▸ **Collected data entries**
Segment Open

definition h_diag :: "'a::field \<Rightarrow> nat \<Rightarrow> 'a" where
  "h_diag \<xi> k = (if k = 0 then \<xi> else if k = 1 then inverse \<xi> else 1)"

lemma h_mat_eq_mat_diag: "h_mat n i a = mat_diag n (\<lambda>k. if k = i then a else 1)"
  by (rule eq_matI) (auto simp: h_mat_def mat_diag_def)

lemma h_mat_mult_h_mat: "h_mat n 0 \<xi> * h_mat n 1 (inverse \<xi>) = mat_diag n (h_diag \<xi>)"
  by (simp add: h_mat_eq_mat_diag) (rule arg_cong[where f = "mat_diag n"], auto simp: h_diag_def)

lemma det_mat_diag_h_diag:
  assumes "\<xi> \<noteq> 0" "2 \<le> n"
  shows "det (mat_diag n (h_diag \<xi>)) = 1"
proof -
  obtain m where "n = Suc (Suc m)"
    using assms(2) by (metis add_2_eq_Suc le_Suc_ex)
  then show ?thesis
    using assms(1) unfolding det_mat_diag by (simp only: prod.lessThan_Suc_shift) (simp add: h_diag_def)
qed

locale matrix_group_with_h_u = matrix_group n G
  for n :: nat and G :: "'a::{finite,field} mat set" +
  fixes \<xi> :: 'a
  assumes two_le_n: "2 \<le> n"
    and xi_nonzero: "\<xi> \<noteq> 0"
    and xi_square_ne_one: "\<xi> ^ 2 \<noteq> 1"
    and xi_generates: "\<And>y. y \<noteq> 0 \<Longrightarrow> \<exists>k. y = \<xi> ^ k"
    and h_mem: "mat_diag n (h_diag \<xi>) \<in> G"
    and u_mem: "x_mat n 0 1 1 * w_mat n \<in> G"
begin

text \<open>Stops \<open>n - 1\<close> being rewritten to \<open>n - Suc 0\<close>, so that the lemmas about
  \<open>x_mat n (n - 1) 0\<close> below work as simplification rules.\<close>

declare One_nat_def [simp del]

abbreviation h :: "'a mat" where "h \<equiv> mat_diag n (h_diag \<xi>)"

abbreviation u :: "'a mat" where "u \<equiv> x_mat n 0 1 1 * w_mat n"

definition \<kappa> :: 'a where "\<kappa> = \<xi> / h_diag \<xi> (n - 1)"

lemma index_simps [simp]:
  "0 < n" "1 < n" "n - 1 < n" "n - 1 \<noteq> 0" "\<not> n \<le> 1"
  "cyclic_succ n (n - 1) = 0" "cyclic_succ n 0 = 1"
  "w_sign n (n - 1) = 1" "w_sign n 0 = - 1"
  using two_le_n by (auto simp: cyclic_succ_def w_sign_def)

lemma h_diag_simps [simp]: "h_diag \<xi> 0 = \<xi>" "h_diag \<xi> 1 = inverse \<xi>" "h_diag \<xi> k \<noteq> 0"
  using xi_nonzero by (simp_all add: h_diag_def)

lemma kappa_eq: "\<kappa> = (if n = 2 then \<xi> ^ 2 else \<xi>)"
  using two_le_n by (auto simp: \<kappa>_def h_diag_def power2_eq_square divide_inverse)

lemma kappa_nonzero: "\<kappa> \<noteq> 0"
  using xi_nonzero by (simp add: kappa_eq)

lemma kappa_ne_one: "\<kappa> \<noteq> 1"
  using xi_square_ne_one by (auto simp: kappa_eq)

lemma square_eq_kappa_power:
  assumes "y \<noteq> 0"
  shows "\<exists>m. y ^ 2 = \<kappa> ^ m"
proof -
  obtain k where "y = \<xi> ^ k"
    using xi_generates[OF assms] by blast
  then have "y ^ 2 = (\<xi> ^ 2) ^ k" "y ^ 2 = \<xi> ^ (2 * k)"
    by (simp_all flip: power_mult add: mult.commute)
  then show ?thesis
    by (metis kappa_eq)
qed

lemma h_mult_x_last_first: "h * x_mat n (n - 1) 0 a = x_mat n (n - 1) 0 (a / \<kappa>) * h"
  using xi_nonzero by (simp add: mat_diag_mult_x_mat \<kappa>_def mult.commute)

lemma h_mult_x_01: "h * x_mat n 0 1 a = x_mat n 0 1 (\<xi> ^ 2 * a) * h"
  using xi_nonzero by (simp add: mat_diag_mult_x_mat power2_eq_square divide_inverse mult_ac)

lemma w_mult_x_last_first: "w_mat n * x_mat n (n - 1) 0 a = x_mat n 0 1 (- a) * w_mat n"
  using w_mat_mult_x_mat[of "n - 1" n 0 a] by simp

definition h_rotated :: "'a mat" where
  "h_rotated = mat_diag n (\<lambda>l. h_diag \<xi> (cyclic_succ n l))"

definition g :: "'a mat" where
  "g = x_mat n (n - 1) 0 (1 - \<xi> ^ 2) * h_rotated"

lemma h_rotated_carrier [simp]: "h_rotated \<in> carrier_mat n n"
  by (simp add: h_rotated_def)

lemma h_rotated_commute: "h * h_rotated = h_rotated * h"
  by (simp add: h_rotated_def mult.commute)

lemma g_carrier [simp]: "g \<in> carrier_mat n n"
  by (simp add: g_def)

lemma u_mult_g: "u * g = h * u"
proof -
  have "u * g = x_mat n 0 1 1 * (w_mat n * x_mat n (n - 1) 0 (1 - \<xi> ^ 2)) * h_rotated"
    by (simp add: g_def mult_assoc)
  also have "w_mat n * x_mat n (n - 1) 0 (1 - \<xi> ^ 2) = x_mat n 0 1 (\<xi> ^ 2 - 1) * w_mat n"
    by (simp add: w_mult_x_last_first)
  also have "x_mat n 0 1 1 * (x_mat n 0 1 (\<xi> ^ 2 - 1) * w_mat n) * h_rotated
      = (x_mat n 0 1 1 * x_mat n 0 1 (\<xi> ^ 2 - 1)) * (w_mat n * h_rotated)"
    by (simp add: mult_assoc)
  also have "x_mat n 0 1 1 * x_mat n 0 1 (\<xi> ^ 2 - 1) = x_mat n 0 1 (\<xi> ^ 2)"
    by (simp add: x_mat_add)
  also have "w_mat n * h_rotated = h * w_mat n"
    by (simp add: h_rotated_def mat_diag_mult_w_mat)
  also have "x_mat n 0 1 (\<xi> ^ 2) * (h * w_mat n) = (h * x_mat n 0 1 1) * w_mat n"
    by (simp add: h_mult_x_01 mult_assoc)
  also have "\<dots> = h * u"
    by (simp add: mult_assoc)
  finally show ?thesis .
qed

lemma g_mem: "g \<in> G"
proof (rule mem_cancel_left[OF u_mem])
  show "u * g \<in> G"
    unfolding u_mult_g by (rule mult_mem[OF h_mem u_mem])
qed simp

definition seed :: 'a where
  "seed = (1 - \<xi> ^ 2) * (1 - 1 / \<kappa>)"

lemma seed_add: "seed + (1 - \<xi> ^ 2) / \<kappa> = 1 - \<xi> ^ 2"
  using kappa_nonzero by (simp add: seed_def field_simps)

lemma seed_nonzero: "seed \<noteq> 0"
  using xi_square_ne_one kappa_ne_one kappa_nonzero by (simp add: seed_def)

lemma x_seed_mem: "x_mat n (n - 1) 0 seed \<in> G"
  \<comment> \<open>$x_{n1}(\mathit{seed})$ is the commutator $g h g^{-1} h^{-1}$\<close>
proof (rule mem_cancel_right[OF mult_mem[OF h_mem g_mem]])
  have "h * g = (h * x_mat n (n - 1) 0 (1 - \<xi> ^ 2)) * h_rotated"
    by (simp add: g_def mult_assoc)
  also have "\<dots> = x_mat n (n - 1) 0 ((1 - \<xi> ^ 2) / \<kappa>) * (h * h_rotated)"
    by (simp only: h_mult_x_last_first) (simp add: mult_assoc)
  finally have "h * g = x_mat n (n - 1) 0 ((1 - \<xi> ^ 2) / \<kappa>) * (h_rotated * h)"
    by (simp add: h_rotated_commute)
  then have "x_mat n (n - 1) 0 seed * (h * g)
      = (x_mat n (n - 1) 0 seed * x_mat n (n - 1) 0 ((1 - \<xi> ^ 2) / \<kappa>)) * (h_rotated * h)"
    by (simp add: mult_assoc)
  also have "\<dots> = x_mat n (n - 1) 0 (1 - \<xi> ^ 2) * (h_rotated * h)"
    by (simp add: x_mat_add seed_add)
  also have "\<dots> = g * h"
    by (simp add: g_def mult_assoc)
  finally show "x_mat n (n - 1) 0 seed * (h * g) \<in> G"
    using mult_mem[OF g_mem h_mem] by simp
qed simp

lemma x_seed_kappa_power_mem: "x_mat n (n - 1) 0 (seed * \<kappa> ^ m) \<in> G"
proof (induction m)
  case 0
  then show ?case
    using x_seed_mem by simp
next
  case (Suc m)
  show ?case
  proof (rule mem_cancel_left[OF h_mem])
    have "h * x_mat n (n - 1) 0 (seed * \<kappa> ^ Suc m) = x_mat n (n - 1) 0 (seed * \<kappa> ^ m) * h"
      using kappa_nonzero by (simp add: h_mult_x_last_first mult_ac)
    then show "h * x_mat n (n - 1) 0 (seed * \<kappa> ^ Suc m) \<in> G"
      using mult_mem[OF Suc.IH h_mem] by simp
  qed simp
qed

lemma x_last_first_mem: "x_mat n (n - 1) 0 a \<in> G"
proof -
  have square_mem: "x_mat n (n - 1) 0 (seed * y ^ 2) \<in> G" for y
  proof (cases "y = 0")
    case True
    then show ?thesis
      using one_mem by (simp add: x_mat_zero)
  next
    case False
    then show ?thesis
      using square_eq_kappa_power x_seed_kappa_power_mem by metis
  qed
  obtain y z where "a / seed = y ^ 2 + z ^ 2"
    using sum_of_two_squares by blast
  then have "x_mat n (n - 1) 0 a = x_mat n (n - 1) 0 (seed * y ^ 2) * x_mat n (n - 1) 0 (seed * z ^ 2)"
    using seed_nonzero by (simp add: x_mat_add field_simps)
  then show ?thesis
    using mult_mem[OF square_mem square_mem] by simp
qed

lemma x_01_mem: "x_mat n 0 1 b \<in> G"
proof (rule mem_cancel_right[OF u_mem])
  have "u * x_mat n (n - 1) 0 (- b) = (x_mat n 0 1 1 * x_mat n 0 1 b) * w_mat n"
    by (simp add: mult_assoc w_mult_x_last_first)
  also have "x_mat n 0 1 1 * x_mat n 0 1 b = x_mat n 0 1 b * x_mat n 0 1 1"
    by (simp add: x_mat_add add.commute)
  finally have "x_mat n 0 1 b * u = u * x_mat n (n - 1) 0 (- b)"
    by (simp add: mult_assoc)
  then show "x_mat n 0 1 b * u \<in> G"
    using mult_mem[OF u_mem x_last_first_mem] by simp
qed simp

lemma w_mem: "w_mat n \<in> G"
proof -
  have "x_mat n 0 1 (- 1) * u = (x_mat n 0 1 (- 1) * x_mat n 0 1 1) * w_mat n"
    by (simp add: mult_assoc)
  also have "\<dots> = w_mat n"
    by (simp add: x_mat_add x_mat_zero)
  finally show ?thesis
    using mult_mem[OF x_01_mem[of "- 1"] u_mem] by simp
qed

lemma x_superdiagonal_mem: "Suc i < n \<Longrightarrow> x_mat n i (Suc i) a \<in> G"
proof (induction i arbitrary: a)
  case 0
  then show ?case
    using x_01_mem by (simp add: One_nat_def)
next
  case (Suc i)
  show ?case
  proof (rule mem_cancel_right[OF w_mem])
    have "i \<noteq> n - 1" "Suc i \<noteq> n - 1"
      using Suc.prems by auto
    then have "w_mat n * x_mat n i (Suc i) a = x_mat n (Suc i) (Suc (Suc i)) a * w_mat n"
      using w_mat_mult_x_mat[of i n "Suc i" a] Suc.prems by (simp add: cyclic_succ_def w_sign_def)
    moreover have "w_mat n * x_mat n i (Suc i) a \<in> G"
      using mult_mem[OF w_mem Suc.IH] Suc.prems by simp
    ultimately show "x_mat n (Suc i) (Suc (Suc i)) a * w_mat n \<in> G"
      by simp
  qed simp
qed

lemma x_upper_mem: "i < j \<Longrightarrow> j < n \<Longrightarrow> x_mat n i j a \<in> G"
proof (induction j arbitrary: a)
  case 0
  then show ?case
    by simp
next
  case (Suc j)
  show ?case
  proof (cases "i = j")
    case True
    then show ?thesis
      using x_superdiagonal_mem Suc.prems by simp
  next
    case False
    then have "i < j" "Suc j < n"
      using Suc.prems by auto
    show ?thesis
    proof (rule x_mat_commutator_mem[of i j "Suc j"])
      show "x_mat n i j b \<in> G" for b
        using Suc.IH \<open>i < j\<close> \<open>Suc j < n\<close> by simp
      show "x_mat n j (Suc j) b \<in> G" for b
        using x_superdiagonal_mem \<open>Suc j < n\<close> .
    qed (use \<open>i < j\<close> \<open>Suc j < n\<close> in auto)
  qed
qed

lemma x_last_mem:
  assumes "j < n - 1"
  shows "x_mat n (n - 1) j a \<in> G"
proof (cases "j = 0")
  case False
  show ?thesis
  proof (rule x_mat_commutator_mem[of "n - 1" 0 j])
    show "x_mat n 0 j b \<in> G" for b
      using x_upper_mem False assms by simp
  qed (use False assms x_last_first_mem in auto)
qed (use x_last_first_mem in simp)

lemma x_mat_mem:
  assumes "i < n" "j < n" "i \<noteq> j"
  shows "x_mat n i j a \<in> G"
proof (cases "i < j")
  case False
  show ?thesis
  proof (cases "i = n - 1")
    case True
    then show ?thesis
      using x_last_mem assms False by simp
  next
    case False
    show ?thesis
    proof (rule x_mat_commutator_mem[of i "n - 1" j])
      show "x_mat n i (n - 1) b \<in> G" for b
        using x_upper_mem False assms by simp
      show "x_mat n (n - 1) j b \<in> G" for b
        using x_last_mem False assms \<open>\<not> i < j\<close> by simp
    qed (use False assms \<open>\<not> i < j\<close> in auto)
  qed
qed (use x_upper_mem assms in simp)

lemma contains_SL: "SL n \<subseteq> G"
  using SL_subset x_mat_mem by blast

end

Segment Closed

▸ **PROBLEM TO SOLVE**
With the entries above as the source, set down exactly the lines from the one holding "0 j b \<in>" through the last line, both ends included.

▸ **OUTPUT OF THE EXERCISE**
    show "x_mat n 0 j b \<in> G" for b
      using x_upper_mem False assms by simp
  qed (use False assms x_last_first_mem in auto)
qed (use x_last_first_mem in simp)

lemma x_mat_mem:
  assumes "i < n" "j < n" "i \<noteq> j"
  shows "x_mat n i j a \<in> G"
proof (cases "i < j")
  case False
  show ?thesis
  proof (cases "i = n - 1")
    case True
    then show ?thesis
      using x_last_mem assms False by simp
  next
    case False
    show ?thesis
    proof (rule x_mat_commutator_mem[of i "n - 1" j])
      show "x_mat n i (n - 1) b \<in> G" for b
        using x_upper_mem False assms by simp
      show "x_mat n (n - 1) j b \<in> G" for b
        using x_last_mem False assms \<open>\<not> i < j\<close> by simp
    qed (use False assms \<open>\<not> i < j\<close> in auto)
  qed
qed (use x_upper_mem assms in simp)

lemma contains_SL: "SL n \<subseteq> G"
  using SL_subset x_mat_mem by blast

end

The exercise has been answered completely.